L'ultimo bianco Natale risaliva a dodici anni prima.

Adesso, gettando l'occhio fuori dalle finestre, si notava solo qualche sporca spruzzata di neve ai piedi degli alberi e sui bordi dei marciapiedi. Nessun spazzaneve tediante, nessuna lingua di fuori, nessun candido pupazzo a cui cascava il naso a carota. Nei giorni precedenti c'erano state nevicate saltuarie, brevissime. Remissive. Giusto per non sfaldare l'illusione dei più piccoli, di chi ancora credeva di trovarsi nella casetta di una palla di vetro.

La mia si era rotta tre volte.

La prima quando avevo scoperto cosa aveva trascorso la mia mamma biologica. La seconda durante lo spettacolo di beneficenza. La terza dopo le parole di Olivia sui miei genitori.

Raccogliere i cocci e ricostruire la mia palla di vetro una quarta volta richiedeva una forza che non possedevo. Le incrinature erano troppe, i frammenti raddoppiati, alcuni dispersi.

A quel punto, era meglio cercarne una nuova.

Anche per quel venticinque dicembre ero stata percossa dalla malinconia che emanavano le lucine che abbellivano il nostro albero all'angolo del salone, una guardia reale che proteggeva il camino acceso.

A volte, con in mano una tazza di cioccolata, mi mettevo a contemplare le fiamme ondeggiare sinuosamente al di là dello sportello. Lì mi rendevo conto di non provare la stessa felicità di quando ero bambina.
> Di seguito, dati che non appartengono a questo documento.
lemma dir_spanQ_eq_span: "dir_spanQ F = vec.span {x - y |x y. x \<in> F \<and> y \<in> F}"
  by (simp only: dir_spanQ_def spanQ_eq_span)

lemma subspace_dir_spanQ: "vec.subspace (dir_spanQ F)"
  unfolding dir_spanQ_eq_span by (rule vec.subspace_span)

lemma diff_in_dir_spanQ: "x \<in> F \<Longrightarrow> x' \<in> F \<Longrightarrow> x - x' \<in> dir_spanQ F"
  unfolding dir_spanQ_eq_span by (rule vec.span_base) blast

lemma pairQ_dir_spanQ_eq_0:
  assumes const: "\<And>x x'. x \<in> F \<Longrightarrow> x' \<in> F \<Longrightarrow> pairQ x y = pairQ x' y"
    and a: "a \<in> dir_spanQ F"
  shows "pairQ a y = 0"
proof -
  have "vec.span {x - x' |x x'. x \<in> F \<and> x' \<in> F} \<subseteq> {a. pairQ a y = 0}"
  proof (rule vec.span_minimal)
    show "{x - x' |x x'. x \<in> F \<and> x' \<in> F} \<subseteq> {a. pairQ a y = 0}"
    proof clarify
      fix x x' assume "x \<in> F" "x' \<in> F"
      then have "pairQ x y = pairQ x' y"
        by (rule const)
      then show "pairQ (x - x') y = 0"
        by (simp add: pairQ_diff_left)
    qed
    show "vec.subspace {a. pairQ a y = 0}"
      unfolding vec.subspace_def by (simp add: pairQ_add_left pairQ_scale_left)
  qed
  with a show ?thesis
    unfolding dir_spanQ_eq_span by blast
qed

lemma dir_spanQ_subset_span_translate:
  assumes "x0 \<in> F"
  shows "dir_spanQ F \<subseteq> vec.span ((\<lambda>x. x - x0) ` F)"
  unfolding dir_spanQ_eq_span
proof (rule vec.span_minimal[OF _ vec.subspace_span], safe)
  fix x y assume "x \<in> F" "y \<in> F"
  then have "x - x0 \<in> vec.span ((\<lambda>x. x - x0) ` F)" "y - x0 \<in> vec.span ((\<lambda>x. x - x0) ` F)"
    by (auto intro: vec.span_base)
  from vec.span_diff[OF this] show "x - y \<in> vec.span ((\<lambda>x. x - x0) ` F)"
    by simp
qed

lemma aff_hullQ_translate_sum:
  assumes "finite T" "T \<subseteq> F" "x0 \<in> F"
  shows "x0 + (\<Sum>x\<in>T. c x *s (x - x0)) \<in> aff_hullQ F"
proof -
  define T1 where "T1 = T - {x0}"
  define d where "d x = (if x = x0 then 1 - sum c T1 else c x)" for x
  have T1: "finite T1" "x0 \<notin> T1" "insert x0 T1 \<subseteq> F"
    using assms by (auto simp: T1_def)
  have sum_d: "sum d (insert x0 T1) = 1"
    using T1 by (simp add: d_def) (intro sum.cong, auto)
  have "(\<Sum>v\<in>T1. d v *s v) = (\<Sum>v\<in>T1. c v *s v)"
    using T1 by (intro sum.cong) (auto simp: d_def)
  then have "(\<Sum>v\<in>insert x0 T1. d v *s v) = (1 - sum c T1) *s x0 + (\<Sum>v\<in>T1. c v *s v)"
    using T1 by (simp add: d_def)
  also have "\<dots> = x0 + (\<Sum>x\<in>T1. c x *s (x - x0))"
    by (simp add: vec_eq_iff algebra_simps sum_subtractf sum_distrib_right sum_distrib_left)
  also have "\<dots> = x0 + (\<Sum>x\<in>T. c x *s (x - x0))"
    unfolding T1_def using assms(1)
    by (intro arg_cong[where f = "(+) x0"] sum.mono_neutral_left) auto
  finally show ?thesis
    unfolding aff_hullQ_def using T1 sum_d
    by (intro CollectI exI[of _ "insert x0 T1"] exI[of _ d]) simp
qed

lemma aff_hullQ_add_dir_spanQ:
  assumes "x0 \<in> F" "a \<in> dir_spanQ F"
  shows "x0 + a \<in> aff_hullQ F"
proof -
  from assms dir_spanQ_subset_span_translate have "a \<in> vec.span ((\<lambda>x. x - x0) ` F)"
    by blast
  then obtain T r where T: "finite T" "T \<subseteq> (\<lambda>x. x - x0) ` F" "a = (\<Sum>u\<in>T. r u *s u)"
    unfolding vec.span_explicit by blast
  then obtain T' where T': "T' \<subseteq> F" "T = (\<lambda>x. x - x0) ` T'"
    by (auto simp: subset_image_iff)
  have inj: "inj_on (\<lambda>x. x - x0) T'"
    by (auto simp: inj_on_def)
  then have "finite T'"
    using T(1) T'(2) finite_imageD by blast
  moreover have "a = (\<Sum>x\<in>T'. r (x - x0) *s (x - x0))"
    by (simp only: T(3) T'(2) sum.reindex[OF inj] o_def)
  ultimately show ?thesis
    using aff_hullQ_translate_sum[OF _ T'(1) assms(1)] by simp
qed

lemma rel_interiorQ_step_in_dir_spanQ:
  assumes x0: "x0 \<in> rel_interiorQ F" and a: "a \<in> dir_spanQ F"
  shows "\<exists>s>0. x0 + s *s a \<in> F"
proof -
  from x0 obtain e where x0F: "x0 \<in> F" and "e > 0"
    and e: "\<And>z. z \<in> aff_hullQ F \<Longrightarrow> (\<forall>i. \<bar>z$i - x0$i\<bar> < e) \<Longrightarrow> z \<in> F"
    unfolding rel_interiorQ_def by blast
  define S where "S = (\<Sum>i\<in>UNIV. \<bar>a$i\<bar>)"
  define s where "s = e / (1 + S)"
  have "S \<ge> 0"
    by (simp add: S_def sum_nonneg)
  with \<open>e > 0\<close> have "s > 0"
    by (simp add: s_def)
  have "x0 + s *s a \<in> aff_hullQ F"
    using aff_hullQ_add_dir_spanQ[OF x0F] vec.subspace_scale[OF subspace_dir_spanQ a] by blast
  moreover have "\<bar>(x0 + s *s a)$i - x0$i\<bar> < e" for i
  proof -
    have "\<bar>a$i\<bar> \<le> S"
      unfolding S_def by (rule member_le_sum) auto
    then have "s * \<bar>a$i\<bar> < s * (1 + S)"
      using \<open>s > 0\<close> by simp
    then show ?thesis
      using \<open>s > 0\<close> \<open>S \<ge> 0\<close> \<open>e > 0\<close> by (simp add: abs_mult s_def)
  qed
  ultimately show ?thesis
    using e \<open>s > 0\<close> by blast
qed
Erano quelli i momenti in cui mi saliva la nostalgia della mia palla di vetro, quando era ancora sana, intatta.

Fra tutto, mi mancava il forte senso di sorellanza che si era istaurato fra me e Olivia. Autentico, un reciproco equilibrarsi a vicenda, i piatti della bilancia sempre ben allineati. Ora, il nostro rapporto assomigliava di più a un'altalena basculante: si era creato un divario che pareva ormai impossibile da risanare, dove lei mi osservava in cima e con aria supponente, mentre io cercavo di comprenderla da terra, incapace di raggiungere la sua altezza.

Tuttavia, ogni volta che compivo qualcosa da sola e senza che Olivia ne venisse a conoscenza, improvvisamente non mi sentivo più un'incapace. Ero io a valutarmi ea screditarmi, se necessario.

Non lei.

Cambiava qualcosa, in sua assenza.

Ed era quella piccola concretizzazione ad avermi portata a temere una sua comparsa improvvisa nei momenti importanti, in cui assistevo all'effetto delle mie luminarie, gli addobbi che avevo incominciato ad appendere negli angoli trascurati della mia vita: l'avvicinamento coi miei amici, il minuscolo passo verso il canto, provare qualcosa per Desmond, permettermi di guardarlo, illudermi, ricamare in silenzio trame contorte nel nostro rapporto.